Гассан-паша[88 - Старики-натухажцы вспоминают имя Гассан-паши с уважением.], великий начальник Анапы, усыновляет Шрухуко-Тугуза и представляет его народу как сына. Седр-азам[89 - Так называют черкесы турецкого военного министра.], племянник Гассан-паши, льстя себя надеждой взглянуть на героя, присылает Тугузу пригласительные письма. Шрухуко отправляется на корабле в Стамбул. Знаменитый почитатель Шрухуко-Тугуза приветствует его на падишахской пристани. Султан приказывает войскам всюду отдавать честь Шрухуко-Тугузу. Шейх-ислям привстает при появлении героя в стенах золотого сераля. Герой осыпан драгоценностями. Он не трудится поднимать оброненные алмазы. Падишах и Стамбул ликуют в честь Шрухуко-Тугуза…
Так проходят дни, но храбрый черкес уже тоскует по родине: в Стамбуле нет ему равного, и он собирается в обратный путь. Провожать его до падишаховой пристани объявлено по Стамбулу обязательным для всех, а не подарившие Тугузу подарки всенародно осмеяны.
Бывши так почтен османами, Шрухуко-Тугуз наконец возвращается и с радостным восклицанием ступает на родную землю».
Примечательно, что черкесы не пренебрегали и врагами, отличившимися храбростью: про них также слагались песни. Так, черкесы воспевали подвиги генерала Вельяминова, которого называли кизил-генерал, или генерал-плижер, то есть «красный генерал», по причине его рыжеватых волос, славили дело Круковского у станицы Бекешевской 1843 года и подвиг генерала Засса на Фарзе в 1841 году[90 - Барон Сталь. Этнографич. очерк черкесского народа (Рукопись). Военноученый архив главного штаба.].
«Дети, не играйте шашкою, – пели они про Вельяминова, – не обнажайте блестящей полосы, не накликайте беды на головы ваших отцов и матерей: генерал-плижер близок!
Близко или далеко – генерал-плижер знает все, видит все: глаз у него орлиный, полет его соколиный.
Было счастливое время: русские сидели в крепостях за толстыми стенами, а в широком поле гуляли черкесы, что было в поле, принадлежало им, тяжко было русским, весело черкесам.
Откуда ни возьмись – генерал-плижер, и высыпали русские из крепостей, уши лошади вместо присошек, седельная лука вместо стены, захватили они поле, да и в горах не стало черкесам житья.
Дети, не играйте шашкою, не обнажайте блестящей полосы, не накликайте беды на головы ваших отцов и матерей: генерал-плижер близок.

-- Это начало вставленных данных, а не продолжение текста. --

theorem lemma2p1:
  fixes M :: "'e measure" and f :: "'e \<Rightarrow> real" and N :: nat
    and B :: "nat \<Rightarrow> ('e \<times> real) set"
    and P :: "'w measure" and U :: "'w \<Rightarrow> real"
    and V :: "nat \<Rightarrow> 'w \<Rightarrow> 'e" and W :: "nat \<Rightarrow> 'w \<Rightarrow> real"
  assumes "sigma_finite_measure M"
    and "f \<in> borel_measurable M"
    and "\<forall>x\<in>space M. f x \<ge> 0"
    and "(\<integral>\<^sup>+ x. ennreal (f x) \<partial>M) > 0"
    and "(\<integral>\<^sup>+ x. ennreal (f x) \<partial>M) < \<infinity>"
    and "\<forall>i\<in>{1..N}. B i \<in> sets (M \<Otimes>\<^sub>M lborel)"
    and "\<forall>i\<in>{1..N}. emeasure (M \<Otimes>\<^sub>M lborel) (B i) > 0"
    and "\<forall>i\<in>{1..N}. \<forall>j\<in>{1..N}. i \<noteq> j \<longrightarrow> emeasure (M \<Otimes>\<^sub>M lborel) (B i \<inter> B j) = 0"
    and "emeasure (M \<Otimes>\<^sub>M lborel) (Gamma M f - Bunion N B) = 0"
    and "emeasure (M \<Otimes>\<^sub>M lborel) (Bunion N B) < \<infinity>"
    and "prob_space P"
    and "U \<in> borel_measurable P"
    and "\<forall>i\<in>{1..N}. V i \<in> measurable P M"
    and "\<forall>i\<in>{1..N}. W i \<in> borel_measurable P"
    and "\<forall>i\<in>{1..N}. \<forall>C\<in>sets (M \<Otimes>\<^sub>M lborel). \<forall>D\<in>sets borel.
           measure P {\<omega>\<in>space P. (V i \<omega>, W i \<omega>) \<in> C \<and> U \<omega> \<in> D}
             = measure P {\<omega>\<in>space P. (V i \<omega>, W i \<omega>) \<in> C} * measure P {\<omega>\<in>space P. U \<omega> \<in> D}"
    and "\<forall>i\<in>{1..N}. \<forall>C\<in>sets (M \<Otimes>\<^sub>M lborel).
           measure P {\<omega>\<in>space P. (V i \<omega>, W i \<omega>) \<in> C}
             = measure (M \<Otimes>\<^sub>M lborel) (C \<inter> B i) / measure (M \<Otimes>\<^sub>M lborel) (B i)"
    and "\<forall>D\<in>sets borel. emeasure P {\<omega>\<in>space P. U \<omega> \<in> D}
           = (\<integral>\<^sup>+ u. indicator D u * indicator {0..<1} u \<partial>lborel)"
    and "A \<in> sets M"
  shows "measure P {\<omega>\<in>space P.
            V (Psi (M \<Otimes>\<^sub>M lborel) N B (U \<omega>)) \<omega> \<in> A \<and>
            (U \<omega>, (\<lambda>i. V i \<omega>), (\<lambda>i. W i \<omega>)) \<in> Lambda M f N B}
         = (1 / measure (M \<Otimes>\<^sub>M lborel) (Bunion N B)) * (\<integral>x\<in>A. f x \<partial>M)"
proof -
  interpret subgraph_sampler M f N B P U V W
  proof (intro subgraph_sampler.intro subgraph_cover.intro subgraph_sampler_axioms.intro)
  qed (use assms in auto)
  show ?thesis
    using measure_selected_in_Lambda[OF assms(18)] by simp
qed

end
(* Let $(P,\epsilon)$ be a labeled poset and let $n$ be a non-negative integer such that $\Omega(P,\epsilon;n)\ne0$. If $\Omega(P,-\epsilon;n+r(\epsilon))=\Omega(P,\epsilon;n)$, then $\epsilon$ satisfies the $\lambda$-chain condition.
   Context: $P$ is a finite poset with $p$ elements, $\omega:P\to\{1,\dots,p\}$ a bijection; write $x\prec y$ if $y$ covers $x$, and $\epsilon(x,y)=1$ if $\omega(x)<\omega(y)$, $-1$ otherwise; $-\epsilon$ is defined by $(-\epsilon)(x,y)=-\epsilon(x,y)$ (induced by the labeling $p+1-\omega$). A $(P,\epsilon)$-partition is an order-reversing map $\sigma:P\to\{1,2,\dots\}$ with $\sigma(x)>\sigma(y)$ whenever $x\prec y$ and $\epsilon(x,y)=-1$; $\Omega(P,\epsilon;n)$ is the number of $(P,\epsilon)$-partitions with largest part at most $n$. $r(\epsilon)=\max\sum_{i=1}^\ell\epsilon(x_{i-1},x_i)$ over all maximal chains $x_0\prec\cdots\prec x_\ell$ of $P$. $\epsilon$ satisfies the $\lambda$-chain condition if every $x\in P$ lies on some maximal chain $x_0\prec\cdots\prec x_\ell$ with $\sum_{i=1}^\ell\epsilon(x_{i-1},x_i)=r(\epsilon)$. *)

theory Defs
  imports Main "HOL-Library.FuncSet"
begin

text \<open>A finite poset is a carrier P with an order relation R (pairs (x,y) meaning x \<le> y),
  satisfying partial_order_on P R. A labeling is a bijection omega : P \<rightarrow> {1..card P}.\<close>

definition covers :: "'a set \<Rightarrow> ('a \<times> 'a) set \<Rightarrow> 'a \<Rightarrow> 'a \<Rightarrow> bool" where
  "covers P R x y \<longleftrightarrow> x \<in> P \<and> y \<in> P \<and> (x, y) \<in> R \<and> x \<noteq> y \<and>
     \<not> (\<exists>z\<in>P. (x, z) \<in> R \<and> (z, y) \<in> R \<and> z \<noteq> x \<and> z \<noteq> y)"

definition eps_of :: "('a \<Rightarrow> nat) \<Rightarrow> 'a \<Rightarrow> 'a \<Rightarrow> int" where
  "eps_of \<omega> x y = (if \<omega> x < \<omega> y then 1 else -1)"

definition PE_partitions :: "'a set \<Rightarrow> ('a \<times> 'a) set \<Rightarrow> ('a \<Rightarrow> 'a \<Rightarrow> int) \<Rightarrow> int \<Rightarrow> ('a \<Rightarrow> int) set" where
  "PE_partitions P R e n = {\<sigma> \<in> P \<rightarrow>\<^sub>E {1..n}.
      (\<forall>x\<in>P. \<forall>y\<in>P. (x, y) \<in> R \<longrightarrow> \<sigma> y \<le> \<sigma> x) \<and>
      (\<forall>x y. covers P R x y \<and> e x y = -1 \<longrightarrow> \<sigma> y < \<sigma> x)}"

definition Omega :: "'a set \<Rightarrow> ('a \<times> 'a) set \<Rightarrow> ('a \<Rightarrow> 'a \<Rightarrow> int) \<Rightarrow> int \<Rightarrow> nat" where
  "Omega P R e n = card (PE_partitions P R e n)"

definition maximal_chain :: "'a set \<Rightarrow> ('a \<times> 'a) set \<Rightarrow> 'a list \<Rightarrow> bool" where
  "maximal_chain P R xs \<longleftrightarrow> xs \<noteq> [] \<and>
     (\<forall>i. Suc i < length xs \<longrightarrow> covers P R (xs ! i) (xs ! Suc i)) \<and>
     hd xs \<in> P \<and> last xs \<in> P \<and>
     \<not> (\<exists>z\<in>P. (z, hd xs) \<in> R \<and> z \<noteq> hd xs) \<and>
     \<not> (\<exists>z\<in>P. (last xs, z) \<in> R \<and> z \<noteq> last xs)"

definition chain_sum :: "('a \<Rightarrow> 'a \<Rightarrow> int) \<Rightarrow> 'a list \<Rightarrow> int" where
  "chain_sum e xs = (\<Sum>i<length xs - 1. e (xs ! i) (xs ! Suc i))"

definition r_of :: "'a set \<Rightarrow> ('a \<times> 'a) set \<Rightarrow> ('a \<Rightarrow> 'a \<Rightarrow> int) \<Rightarrow> int" where
  "r_of P R e = Max {chain_sum e xs | xs. maximal_chain P R xs}"

definition lambda_chain_condition :: "'a set \<Rightarrow> ('a \<times> 'a) set \<Rightarrow> ('a \<Rightarrow> 'a \<Rightarrow> int) \<Rightarrow> bool" where
  "lambda_chain_condition P R e \<longleftrightarrow>
     (\<forall>x\<in>P. \<exists>xs. maximal_chain P R xs \<and> x \<in> set xs \<and> chain_sum e xs = r_of P R e)"

end

theory Submission
  imports Defs
begin

text \<open>
  Let \<open>\<beta>(x)\<close> be the largest \<open>\<epsilon>\<close>-weight of a saturated chain from \<open>x\<close> up to a
  maximal element. Adding \<open>\<beta>\<close> to a \<open>(P,\<epsilon>)\<close>-partition with parts at most \<open>n\<close> yields a
  \<open>(P,-\<epsilon>)\<close>-partition with parts at most \<open>n + r(\<epsilon>)\<close>, and this map is injective; the
  hypothesis \<open>\<Omega>(P,-\<epsilon>;n+r(\<epsilon>)) = \<Omega>(P,\<epsilon>;n)\<close> makes it a bijection.
  Let \<open>\<alpha>(x)\<close> be the largest number of ascents (\<open>\<epsilon> = 1\<close>) of a saturated chain from a
  minimal element to \<open>x\<close>. If \<open>x\<close> lies on no maximal chain of weight \<open>r(\<epsilon>)\<close>, every image
  \<open>\<tau>\<close> satisfies \<open>\<tau>(x) + \<alpha>(x) < n + r(\<epsilon>)\<close>. But \<open>max(\<tau>, n + r(\<epsilon>) - \<alpha>)\<close> is again a
  \<open>(P,-\<epsilon>)\<close>-partition with parts at most \<open>n + r(\<epsilon>)\<close>, and it violates this bound at \<open>x\<close>.
\<close>

section \<open>Saturated chains\<close>

lemma successively_iff_nth:
  "successively P xs \<longleftrightarrow> (\<forall>i. Suc i < length xs \<longrightarrow> P (xs ! i) (xs ! Suc i))"
proof (induction P xs rule: successively.induct)
  case (3 P x y xs)
  then show ?case
    by (auto simp: less_Suc_eq_0_disj)
qed auto

lemma last_append_tl:
  "xs \<noteq> [] \<Longrightarrow> ys \<noteq> [] \<Longrightarrow> last xs = hd ys \<Longrightarrow> last (xs @ tl ys) = last ys"
  by (cases ys) auto

lemma chain_sum_simps [simp]:
  "chain_sum w [] = 0"
  "chain_sum w [x] = 0"
  "chain_sum w (x # y # zs) = w x y + chain_sum w (y # zs)"
  by (simp_all add: chain_sum_def sum.lessThan_Suc_shift del: sum.lessThan_Suc)

lemma chain_sum_append_tl:
  "xs \<noteq> [] \<Longrightarrow> ys \<noteq> [] \<Longrightarrow> last xs = hd ys \<Longrightarrow>
    chain_sum w (xs @ tl ys) = chain_sum w xs + chain_sum w ys"
  by (induction xs rule: induct_list012) (auto simp: neq_Nil_conv)

lemma chain_sum_nonneg: "(\<And>x y. 0 \<le> w x y) \<Longrightarrow> 0 \<le> chain_sum w xs"
  unfolding chain_sum_def by (simp add: sum_nonneg)

definition cover_path :: "'a set \<Rightarrow> ('a \<times> 'a) set \<Rightarrow> 'a list \<Rightarrow> bool" where
  "cover_path P R xs \<longleftrightarrow> xs \<noteq> [] \<and> hd xs \<in> P \<and> successively (covers P R) xs"

lemma cover_path_simps [simp]:
  "\<not> cover_path P R []"
  "cover_path P R [x] \<longleftrightarrow> x \<in> P"
  "cover_path P R (x # y # zs) \<longleftrightarrow> covers P R x y \<and> cover_path P R (y # zs)"
  by (auto simp: cover_path_def covers_def)

lemma cover_path_subset: "cover_path P R xs \<Longrightarrow> set xs \<subseteq> P"
  by (induction xs rule: induct_list012) (auto simp: covers_def)

lemma cover_path_append_tl:
  assumes "cover_path P R xs" "cover_path P R ys" "last xs = hd ys"
  shows "cover_path P R (xs @ tl ys)"
  using assms by (cases ys) (auto simp: cover_path_def successively_append_iff successively_Cons)

definition minimal_in :: "'a set \<Rightarrow> ('a \<times> 'a) set \<Rightarrow> 'a \<Rightarrow> bool" where
  "minimal_in P R x \<longleftrightarrow> x \<in> P \<and> (\<forall>z\<in>P. (z, x) \<in> R \<longrightarrow> z = x)"

definition maximal_in :: "'a set \<Rightarrow> ('a \<times> 'a) set \<Rightarrow> 'a \<Rightarrow> bool" where
  "maximal_in P R x \<longleftrightarrow> x \<in> P \<and> (\<forall>z\<in>P. (x, z) \<in> R \<longrightarrow> z = x)"

lemma maximal_chain_iff:
  "maximal_chain P R xs \<longleftrightarrow>
    cover_path P R xs \<and> minimal_in P R (hd xs) \<and> maximal_in P R (last xs)"
  unfolding maximal_chain_def cover_path_def minimal_in_def maximal_in_def successively_iff_nth
  by blast

section \<open>Extremal chain weights in a finite poset\<close>

locale finite_poset =
  fixes P :: "'a set" and R :: "('a \<times> 'a) set"
  assumes finite_carrier: "finite P" and partial_order: "partial_order_on P R"
begin

lemma R_subset: "R \<subseteq> P \<times> P"
  using partial_order_onD(4)[OF partial_order] .

lemma R_refl: "x \<in> P \<Longrightarrow> (x, x) \<in> R"
  using partial_order_onD(1)[OF partial_order] by (simp add: refl_on_def)

lemma R_trans: "(x, y) \<in> R \<Longrightarrow> (y, z) \<in> R \<Longrightarrow> (x, z) \<in> R"
  using partial_order_onD(2)[OF partial_order] by (rule transD)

Он все видит, все знает. Увидит шашку наголо, и будет беда. Как ворон на кровь, так он летит на блеск железа. Генерал-плижер налетит как сокол, заклюет как орел, как ворон напьется нашей крови»[91 - Воспоминания кавказского офицера // Русский вест. 1864. № 11.].
Старинные песни про нардов (гигантов, богатырей) и про прежних рыцарей пользуются глубоким уважением, но они очень редки, большая их часть забыта народом.
Из исторических песен, распространенных в последнее время, одна воспевает сражение при урочище Кыз-Бурун, а другая – взятие Дербента черкесами и татарами. Первая пелась за Кубанью, вторая у шапсугов.
«Кыз-Бурун» составлена размером, напоминающим гекзаметр, и поется под аккомпанемент пшиннера. Вот ее содержание. Князья Большой Кабарды, потомки Капарта, старшего сына Иналова, хотят посадить для княжения над бесленеевцами одного из своих князей, но у бесленеевцев остался наследником малолетний князь, потомок Беслана, младшего сына Иналова, и потому бесленеевцы сопротивляются. Князья Большой Кабарды вооружаются, бесленеевцы, как более слабые, призывают на помощь все закубанские черкесские племена и крымского хана. Здесь поэт дает описание всех народов и князей, участвовавших в союзе, перечисляет дворянские роды.